--- Materials provided Enclosed Below ---

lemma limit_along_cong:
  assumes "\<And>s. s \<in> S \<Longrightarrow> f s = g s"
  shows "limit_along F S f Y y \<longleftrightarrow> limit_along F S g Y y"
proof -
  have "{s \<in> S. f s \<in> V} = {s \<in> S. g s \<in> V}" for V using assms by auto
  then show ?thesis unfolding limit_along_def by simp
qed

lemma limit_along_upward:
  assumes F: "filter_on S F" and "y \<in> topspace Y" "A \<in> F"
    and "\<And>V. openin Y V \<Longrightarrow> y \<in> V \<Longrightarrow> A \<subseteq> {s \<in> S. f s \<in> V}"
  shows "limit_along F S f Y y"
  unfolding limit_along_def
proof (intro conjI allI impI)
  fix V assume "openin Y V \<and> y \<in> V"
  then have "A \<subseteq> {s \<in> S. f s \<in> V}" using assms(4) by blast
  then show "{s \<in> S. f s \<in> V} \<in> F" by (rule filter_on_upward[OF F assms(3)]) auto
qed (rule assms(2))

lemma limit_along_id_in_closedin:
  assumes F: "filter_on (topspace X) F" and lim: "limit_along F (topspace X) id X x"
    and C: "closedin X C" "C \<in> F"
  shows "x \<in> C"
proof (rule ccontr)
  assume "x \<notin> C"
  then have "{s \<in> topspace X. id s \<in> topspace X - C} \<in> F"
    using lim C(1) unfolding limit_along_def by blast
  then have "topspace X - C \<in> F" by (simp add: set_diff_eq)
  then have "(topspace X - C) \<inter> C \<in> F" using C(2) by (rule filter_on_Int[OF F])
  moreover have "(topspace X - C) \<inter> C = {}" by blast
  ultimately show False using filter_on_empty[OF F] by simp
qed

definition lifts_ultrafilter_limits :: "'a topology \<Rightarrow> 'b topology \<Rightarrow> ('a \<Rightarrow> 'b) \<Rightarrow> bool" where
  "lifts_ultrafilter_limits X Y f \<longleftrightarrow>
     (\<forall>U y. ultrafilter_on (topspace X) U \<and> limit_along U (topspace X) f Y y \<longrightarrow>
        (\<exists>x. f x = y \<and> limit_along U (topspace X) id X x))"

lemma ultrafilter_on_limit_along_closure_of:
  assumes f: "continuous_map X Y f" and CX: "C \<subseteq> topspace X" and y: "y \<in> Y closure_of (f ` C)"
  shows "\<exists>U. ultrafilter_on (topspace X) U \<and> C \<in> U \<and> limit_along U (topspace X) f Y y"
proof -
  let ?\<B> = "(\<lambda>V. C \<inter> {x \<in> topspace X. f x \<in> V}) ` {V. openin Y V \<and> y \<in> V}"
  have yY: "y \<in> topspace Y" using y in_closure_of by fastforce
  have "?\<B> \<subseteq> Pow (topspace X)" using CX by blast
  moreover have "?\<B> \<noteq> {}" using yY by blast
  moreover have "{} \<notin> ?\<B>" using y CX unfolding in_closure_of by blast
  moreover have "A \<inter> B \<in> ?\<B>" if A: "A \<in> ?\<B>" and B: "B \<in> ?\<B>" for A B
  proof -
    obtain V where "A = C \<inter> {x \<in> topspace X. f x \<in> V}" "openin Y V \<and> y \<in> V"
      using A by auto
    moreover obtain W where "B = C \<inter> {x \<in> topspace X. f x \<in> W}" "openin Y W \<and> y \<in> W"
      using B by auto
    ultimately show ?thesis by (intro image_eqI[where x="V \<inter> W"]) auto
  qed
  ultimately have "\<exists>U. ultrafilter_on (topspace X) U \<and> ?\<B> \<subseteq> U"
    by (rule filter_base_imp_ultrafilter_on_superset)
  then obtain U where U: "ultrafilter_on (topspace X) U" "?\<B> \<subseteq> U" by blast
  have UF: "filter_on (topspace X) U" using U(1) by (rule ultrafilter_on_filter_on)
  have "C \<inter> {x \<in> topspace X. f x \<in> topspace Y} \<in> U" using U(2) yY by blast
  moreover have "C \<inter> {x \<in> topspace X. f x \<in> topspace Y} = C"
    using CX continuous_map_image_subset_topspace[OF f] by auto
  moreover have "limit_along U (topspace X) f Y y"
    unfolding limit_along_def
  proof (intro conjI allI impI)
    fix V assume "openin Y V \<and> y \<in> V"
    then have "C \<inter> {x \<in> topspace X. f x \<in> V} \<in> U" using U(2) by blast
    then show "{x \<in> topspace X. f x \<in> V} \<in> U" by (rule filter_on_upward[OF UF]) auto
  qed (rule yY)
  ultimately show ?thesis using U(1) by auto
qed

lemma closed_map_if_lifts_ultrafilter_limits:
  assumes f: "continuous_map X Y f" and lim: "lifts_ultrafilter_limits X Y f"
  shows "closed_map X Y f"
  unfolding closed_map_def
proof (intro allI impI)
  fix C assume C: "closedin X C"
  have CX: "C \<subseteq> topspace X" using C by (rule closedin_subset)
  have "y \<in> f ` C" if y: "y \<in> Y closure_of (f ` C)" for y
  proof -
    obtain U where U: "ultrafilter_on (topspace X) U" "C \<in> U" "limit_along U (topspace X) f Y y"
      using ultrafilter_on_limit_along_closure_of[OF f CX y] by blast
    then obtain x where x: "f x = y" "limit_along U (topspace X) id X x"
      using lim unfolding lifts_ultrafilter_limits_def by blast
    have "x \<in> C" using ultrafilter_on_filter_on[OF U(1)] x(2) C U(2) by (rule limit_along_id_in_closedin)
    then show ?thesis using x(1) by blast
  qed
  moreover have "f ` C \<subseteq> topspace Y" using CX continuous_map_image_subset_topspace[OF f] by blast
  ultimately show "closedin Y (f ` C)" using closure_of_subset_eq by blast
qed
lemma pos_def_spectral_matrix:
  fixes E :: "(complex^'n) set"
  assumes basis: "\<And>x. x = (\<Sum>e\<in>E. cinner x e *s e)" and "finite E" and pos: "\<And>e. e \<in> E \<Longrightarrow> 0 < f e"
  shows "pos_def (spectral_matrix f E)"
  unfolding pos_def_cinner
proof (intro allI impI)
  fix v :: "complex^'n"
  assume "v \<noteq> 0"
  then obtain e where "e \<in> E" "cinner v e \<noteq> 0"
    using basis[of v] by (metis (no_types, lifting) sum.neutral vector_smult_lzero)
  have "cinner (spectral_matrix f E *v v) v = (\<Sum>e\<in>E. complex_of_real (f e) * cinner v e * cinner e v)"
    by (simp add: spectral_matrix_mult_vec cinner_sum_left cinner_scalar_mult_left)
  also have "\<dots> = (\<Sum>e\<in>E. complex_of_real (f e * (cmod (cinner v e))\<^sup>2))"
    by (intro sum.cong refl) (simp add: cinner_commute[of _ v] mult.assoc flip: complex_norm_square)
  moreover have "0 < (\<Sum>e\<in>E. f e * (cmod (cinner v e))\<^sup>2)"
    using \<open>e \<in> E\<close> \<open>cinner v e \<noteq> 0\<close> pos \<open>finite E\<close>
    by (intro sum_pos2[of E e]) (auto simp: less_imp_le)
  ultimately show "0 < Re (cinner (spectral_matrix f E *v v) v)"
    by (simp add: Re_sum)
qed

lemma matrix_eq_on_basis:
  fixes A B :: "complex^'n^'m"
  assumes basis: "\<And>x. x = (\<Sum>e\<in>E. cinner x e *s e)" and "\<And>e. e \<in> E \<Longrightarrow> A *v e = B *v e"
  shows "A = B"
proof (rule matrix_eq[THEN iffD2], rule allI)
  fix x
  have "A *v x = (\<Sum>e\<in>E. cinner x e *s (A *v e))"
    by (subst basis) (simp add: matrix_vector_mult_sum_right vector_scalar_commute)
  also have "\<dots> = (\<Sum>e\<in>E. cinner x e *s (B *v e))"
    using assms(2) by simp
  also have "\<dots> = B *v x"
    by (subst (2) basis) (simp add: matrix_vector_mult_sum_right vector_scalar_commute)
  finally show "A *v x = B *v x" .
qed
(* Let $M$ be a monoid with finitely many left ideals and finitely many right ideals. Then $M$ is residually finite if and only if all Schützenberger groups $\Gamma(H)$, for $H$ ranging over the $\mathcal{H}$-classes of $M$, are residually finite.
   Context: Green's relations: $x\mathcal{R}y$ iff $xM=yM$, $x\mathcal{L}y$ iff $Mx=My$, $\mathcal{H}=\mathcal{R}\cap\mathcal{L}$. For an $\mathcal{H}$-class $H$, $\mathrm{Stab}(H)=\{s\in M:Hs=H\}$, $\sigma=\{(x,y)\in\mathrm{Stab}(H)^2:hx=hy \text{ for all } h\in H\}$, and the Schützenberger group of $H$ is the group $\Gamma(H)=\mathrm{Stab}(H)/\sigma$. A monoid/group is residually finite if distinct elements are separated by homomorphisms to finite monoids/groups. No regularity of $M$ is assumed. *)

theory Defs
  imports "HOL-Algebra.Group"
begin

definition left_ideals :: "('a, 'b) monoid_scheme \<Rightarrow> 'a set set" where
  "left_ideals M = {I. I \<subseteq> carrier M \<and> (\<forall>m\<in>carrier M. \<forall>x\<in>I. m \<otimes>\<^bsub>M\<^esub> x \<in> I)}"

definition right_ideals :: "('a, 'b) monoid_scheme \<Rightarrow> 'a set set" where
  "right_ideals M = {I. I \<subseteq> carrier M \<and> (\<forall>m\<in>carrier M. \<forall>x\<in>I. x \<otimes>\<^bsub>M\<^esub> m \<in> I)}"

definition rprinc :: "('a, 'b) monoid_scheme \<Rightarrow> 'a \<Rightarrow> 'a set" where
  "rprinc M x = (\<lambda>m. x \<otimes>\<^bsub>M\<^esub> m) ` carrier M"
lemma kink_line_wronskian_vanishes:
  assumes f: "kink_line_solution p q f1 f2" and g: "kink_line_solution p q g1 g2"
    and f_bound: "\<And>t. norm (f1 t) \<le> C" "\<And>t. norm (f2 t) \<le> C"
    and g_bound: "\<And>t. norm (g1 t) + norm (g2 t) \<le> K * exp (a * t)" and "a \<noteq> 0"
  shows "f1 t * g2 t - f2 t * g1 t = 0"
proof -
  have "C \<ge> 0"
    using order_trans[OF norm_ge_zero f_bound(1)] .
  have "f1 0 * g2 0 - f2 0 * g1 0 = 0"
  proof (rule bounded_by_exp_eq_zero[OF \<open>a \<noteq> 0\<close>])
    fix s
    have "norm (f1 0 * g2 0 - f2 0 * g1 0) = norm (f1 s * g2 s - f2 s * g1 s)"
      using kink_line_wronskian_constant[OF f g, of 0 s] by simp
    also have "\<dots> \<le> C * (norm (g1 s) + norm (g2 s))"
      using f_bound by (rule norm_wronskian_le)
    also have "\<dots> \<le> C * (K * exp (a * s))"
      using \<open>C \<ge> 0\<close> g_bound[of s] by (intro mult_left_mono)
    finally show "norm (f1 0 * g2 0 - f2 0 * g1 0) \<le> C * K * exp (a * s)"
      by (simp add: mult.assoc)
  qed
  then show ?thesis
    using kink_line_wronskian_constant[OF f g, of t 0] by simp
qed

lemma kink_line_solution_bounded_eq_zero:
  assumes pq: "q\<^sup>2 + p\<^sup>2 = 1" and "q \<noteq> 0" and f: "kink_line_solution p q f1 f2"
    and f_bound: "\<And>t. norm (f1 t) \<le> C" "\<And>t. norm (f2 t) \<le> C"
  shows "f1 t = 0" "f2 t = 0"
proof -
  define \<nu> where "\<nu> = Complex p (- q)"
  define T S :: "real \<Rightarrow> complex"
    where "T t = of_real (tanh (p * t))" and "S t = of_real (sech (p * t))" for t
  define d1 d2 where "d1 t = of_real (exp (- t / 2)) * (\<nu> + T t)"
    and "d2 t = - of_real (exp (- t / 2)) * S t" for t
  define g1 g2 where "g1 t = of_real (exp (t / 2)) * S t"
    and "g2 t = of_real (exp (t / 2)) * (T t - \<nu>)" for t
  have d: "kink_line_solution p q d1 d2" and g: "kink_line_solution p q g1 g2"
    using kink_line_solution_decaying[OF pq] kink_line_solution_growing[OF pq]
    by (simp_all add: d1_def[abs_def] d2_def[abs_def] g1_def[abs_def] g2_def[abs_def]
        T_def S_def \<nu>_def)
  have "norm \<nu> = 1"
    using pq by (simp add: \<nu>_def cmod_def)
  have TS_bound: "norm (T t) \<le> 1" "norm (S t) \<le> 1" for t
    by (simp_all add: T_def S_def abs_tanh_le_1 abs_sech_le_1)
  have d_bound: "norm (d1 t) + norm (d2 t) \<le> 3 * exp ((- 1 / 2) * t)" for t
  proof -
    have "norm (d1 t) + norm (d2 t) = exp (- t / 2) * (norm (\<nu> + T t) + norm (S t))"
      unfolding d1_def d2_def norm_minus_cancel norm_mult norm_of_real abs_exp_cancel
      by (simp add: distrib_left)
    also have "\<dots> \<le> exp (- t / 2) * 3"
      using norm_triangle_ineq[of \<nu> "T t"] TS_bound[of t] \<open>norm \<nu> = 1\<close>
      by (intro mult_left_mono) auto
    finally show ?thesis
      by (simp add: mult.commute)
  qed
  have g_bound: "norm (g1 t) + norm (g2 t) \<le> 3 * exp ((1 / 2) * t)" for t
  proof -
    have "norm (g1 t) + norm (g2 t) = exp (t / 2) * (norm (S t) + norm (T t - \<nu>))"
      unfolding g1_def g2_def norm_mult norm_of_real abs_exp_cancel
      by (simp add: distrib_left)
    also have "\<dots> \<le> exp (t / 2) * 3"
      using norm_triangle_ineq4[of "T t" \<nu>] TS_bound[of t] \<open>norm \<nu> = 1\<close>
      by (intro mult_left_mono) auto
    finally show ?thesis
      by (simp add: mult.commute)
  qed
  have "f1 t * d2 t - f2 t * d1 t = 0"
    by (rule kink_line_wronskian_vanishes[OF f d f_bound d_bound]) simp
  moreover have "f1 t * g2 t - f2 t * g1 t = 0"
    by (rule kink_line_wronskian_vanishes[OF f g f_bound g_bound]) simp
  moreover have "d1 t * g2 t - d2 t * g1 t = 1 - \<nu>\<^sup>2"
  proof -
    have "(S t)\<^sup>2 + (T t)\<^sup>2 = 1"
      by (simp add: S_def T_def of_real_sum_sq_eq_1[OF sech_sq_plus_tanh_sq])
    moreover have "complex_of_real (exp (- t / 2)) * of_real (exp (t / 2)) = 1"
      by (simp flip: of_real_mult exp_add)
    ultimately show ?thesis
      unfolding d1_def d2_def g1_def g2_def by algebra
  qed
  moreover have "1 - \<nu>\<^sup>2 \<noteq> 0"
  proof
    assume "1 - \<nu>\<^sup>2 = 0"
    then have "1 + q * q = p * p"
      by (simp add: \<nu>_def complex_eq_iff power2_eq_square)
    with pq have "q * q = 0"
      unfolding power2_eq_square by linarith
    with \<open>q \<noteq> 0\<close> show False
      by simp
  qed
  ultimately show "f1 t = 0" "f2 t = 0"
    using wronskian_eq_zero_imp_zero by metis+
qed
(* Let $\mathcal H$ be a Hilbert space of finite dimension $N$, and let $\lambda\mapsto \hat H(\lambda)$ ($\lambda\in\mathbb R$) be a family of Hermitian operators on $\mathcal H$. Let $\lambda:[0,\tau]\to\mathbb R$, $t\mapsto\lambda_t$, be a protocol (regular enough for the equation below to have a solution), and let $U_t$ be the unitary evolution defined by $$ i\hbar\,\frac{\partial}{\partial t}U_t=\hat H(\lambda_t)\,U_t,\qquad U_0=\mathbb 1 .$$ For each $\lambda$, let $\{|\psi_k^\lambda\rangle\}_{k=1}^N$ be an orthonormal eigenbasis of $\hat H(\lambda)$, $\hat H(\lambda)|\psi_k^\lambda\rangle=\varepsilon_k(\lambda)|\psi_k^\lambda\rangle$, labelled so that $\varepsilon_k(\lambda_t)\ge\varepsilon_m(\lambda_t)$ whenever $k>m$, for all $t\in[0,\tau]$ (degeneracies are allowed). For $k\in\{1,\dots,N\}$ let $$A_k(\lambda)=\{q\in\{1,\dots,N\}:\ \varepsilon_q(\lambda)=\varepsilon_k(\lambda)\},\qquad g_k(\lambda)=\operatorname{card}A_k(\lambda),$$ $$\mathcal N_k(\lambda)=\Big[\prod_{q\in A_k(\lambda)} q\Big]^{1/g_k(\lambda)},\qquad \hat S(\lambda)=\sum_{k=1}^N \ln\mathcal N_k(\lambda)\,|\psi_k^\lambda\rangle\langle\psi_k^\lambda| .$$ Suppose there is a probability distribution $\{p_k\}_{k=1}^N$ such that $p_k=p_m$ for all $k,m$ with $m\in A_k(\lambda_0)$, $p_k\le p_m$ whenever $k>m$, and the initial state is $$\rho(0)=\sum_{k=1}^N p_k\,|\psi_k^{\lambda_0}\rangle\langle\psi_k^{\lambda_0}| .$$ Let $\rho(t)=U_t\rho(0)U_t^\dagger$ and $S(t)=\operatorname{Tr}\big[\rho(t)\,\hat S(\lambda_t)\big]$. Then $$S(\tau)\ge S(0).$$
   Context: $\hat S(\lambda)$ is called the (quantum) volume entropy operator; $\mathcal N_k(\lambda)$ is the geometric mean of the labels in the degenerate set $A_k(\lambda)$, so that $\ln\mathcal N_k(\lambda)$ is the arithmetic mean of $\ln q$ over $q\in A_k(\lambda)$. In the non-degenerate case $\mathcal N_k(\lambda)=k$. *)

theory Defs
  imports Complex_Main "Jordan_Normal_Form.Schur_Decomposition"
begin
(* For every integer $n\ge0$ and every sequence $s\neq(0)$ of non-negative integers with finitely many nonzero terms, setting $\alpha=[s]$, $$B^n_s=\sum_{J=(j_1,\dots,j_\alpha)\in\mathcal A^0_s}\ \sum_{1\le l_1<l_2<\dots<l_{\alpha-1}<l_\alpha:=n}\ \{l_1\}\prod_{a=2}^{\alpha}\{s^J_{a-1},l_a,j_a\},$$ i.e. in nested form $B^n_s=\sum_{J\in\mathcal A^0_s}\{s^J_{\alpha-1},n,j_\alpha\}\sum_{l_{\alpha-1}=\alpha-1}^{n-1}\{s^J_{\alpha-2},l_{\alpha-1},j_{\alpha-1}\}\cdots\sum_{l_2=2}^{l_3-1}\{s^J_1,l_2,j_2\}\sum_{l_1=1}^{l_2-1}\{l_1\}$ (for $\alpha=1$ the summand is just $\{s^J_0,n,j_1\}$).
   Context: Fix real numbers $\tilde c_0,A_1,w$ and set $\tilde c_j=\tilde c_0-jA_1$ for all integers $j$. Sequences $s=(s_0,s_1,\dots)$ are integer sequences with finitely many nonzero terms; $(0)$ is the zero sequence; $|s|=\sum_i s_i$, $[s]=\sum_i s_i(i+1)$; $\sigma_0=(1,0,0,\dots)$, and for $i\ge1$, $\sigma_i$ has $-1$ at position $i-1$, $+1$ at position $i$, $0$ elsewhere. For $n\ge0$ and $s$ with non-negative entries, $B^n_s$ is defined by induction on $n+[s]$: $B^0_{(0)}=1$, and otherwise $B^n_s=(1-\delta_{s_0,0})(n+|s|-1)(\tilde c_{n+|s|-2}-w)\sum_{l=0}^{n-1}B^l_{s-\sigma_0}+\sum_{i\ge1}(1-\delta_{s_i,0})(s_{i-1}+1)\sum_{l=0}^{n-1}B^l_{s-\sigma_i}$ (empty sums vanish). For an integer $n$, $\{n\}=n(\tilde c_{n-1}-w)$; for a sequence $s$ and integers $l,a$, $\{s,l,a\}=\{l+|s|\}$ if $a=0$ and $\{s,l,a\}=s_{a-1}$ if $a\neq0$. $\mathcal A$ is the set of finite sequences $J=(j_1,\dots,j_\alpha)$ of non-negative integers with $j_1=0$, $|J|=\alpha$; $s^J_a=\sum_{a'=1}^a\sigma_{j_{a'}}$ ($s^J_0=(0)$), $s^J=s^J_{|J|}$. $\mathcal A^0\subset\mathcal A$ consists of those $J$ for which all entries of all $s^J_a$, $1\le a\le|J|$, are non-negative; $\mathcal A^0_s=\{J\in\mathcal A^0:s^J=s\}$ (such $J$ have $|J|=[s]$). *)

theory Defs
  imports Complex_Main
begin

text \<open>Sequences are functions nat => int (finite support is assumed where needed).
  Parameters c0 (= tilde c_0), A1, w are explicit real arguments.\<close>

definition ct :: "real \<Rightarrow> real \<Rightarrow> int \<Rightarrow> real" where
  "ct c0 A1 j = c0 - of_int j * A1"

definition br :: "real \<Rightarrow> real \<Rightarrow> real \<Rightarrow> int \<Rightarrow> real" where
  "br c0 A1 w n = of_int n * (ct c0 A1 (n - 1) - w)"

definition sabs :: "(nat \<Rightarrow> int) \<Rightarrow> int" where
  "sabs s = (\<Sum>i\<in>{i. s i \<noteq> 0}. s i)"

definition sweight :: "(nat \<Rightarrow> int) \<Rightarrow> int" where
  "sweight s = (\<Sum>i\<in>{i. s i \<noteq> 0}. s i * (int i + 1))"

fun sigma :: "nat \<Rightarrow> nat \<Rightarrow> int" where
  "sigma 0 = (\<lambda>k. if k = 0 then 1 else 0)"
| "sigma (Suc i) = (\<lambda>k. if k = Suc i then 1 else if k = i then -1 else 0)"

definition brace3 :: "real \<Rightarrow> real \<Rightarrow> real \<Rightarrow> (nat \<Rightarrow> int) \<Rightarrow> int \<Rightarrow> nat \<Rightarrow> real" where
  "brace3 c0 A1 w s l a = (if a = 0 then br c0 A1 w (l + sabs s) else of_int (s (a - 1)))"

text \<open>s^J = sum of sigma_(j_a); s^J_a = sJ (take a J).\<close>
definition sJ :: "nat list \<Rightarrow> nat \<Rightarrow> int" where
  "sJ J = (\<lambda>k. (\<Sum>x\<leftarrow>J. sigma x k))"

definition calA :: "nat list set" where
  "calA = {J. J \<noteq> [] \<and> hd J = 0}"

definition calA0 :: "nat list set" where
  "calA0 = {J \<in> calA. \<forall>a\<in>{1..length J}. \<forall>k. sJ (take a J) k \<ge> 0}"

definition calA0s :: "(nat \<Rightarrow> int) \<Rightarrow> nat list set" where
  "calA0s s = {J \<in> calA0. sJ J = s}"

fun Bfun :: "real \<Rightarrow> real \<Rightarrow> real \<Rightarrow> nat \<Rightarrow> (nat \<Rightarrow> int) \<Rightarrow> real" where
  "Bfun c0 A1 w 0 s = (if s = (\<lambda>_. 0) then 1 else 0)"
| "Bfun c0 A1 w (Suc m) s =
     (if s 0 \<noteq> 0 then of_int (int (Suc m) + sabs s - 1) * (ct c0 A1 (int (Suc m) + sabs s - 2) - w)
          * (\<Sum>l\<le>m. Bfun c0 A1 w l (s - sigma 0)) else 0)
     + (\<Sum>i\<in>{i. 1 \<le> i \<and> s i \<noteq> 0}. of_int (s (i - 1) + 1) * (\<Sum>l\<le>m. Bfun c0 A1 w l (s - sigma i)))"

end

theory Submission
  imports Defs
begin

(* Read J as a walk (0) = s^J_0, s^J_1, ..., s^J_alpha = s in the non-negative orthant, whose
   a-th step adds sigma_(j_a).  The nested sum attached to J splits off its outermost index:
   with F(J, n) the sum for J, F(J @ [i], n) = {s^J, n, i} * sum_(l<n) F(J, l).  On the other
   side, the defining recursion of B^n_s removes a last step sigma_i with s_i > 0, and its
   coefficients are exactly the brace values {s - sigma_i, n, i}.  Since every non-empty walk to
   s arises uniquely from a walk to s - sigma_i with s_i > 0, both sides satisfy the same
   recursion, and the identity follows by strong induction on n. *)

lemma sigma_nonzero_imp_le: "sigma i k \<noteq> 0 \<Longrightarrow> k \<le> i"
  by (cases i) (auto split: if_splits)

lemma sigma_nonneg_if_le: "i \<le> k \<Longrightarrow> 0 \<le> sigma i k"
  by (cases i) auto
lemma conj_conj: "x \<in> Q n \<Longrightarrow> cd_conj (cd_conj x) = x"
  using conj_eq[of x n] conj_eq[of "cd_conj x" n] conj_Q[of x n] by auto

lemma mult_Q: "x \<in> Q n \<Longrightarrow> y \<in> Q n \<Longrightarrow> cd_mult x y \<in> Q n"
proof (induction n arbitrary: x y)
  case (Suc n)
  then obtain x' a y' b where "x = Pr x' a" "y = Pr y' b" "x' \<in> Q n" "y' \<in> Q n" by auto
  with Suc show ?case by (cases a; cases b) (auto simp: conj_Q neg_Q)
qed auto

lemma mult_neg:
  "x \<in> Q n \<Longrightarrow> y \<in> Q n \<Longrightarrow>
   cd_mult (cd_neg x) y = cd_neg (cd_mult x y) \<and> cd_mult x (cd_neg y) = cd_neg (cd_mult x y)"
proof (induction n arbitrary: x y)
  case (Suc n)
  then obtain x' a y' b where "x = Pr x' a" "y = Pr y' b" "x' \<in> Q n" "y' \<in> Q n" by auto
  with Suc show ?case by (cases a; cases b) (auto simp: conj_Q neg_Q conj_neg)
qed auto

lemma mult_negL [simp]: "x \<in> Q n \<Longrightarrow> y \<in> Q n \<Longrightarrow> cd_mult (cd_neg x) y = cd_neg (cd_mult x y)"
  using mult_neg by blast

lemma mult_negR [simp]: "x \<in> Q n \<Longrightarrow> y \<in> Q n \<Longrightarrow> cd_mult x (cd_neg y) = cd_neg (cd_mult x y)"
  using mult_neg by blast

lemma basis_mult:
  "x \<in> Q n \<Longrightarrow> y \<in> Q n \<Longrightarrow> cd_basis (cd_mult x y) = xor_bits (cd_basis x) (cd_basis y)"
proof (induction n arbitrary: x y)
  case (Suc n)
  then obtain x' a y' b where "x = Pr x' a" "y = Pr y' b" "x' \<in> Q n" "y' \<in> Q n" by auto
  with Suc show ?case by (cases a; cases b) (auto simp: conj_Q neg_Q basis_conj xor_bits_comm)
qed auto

--- End of Enclosed Materials provided ---

◆ What to produce: Return the span of lines in the data above that opens at the line with "unfolding d1_def d2_def norm_minus_cancel" and closes at the line with "unfolding g1_def g2_def", exactly, ends included, nothing else.

◆ Worked solution:
      unfolding d1_def d2_def norm_minus_cancel norm_mult norm_of_real abs_exp_cancel
      by (simp add: distrib_left)
    also have "\<dots> \<le> exp (- t / 2) * 3"
      using norm_triangle_ineq[of \<nu> "T t"] TS_bound[of t] \<open>norm \<nu> = 1\<close>
      by (intro mult_left_mono) auto
    finally show ?thesis
      by (simp add: mult.commute)
  qed
  have g_bound: "norm (g1 t) + norm (g2 t) \<le> 3 * exp ((1 / 2) * t)" for t
  proof -
    have "norm (g1 t) + norm (g2 t) = exp (t / 2) * (norm (S t) + norm (T t - \<nu>))"
      unfolding g1_def g2_def norm_mult norm_of_real abs_exp_cancel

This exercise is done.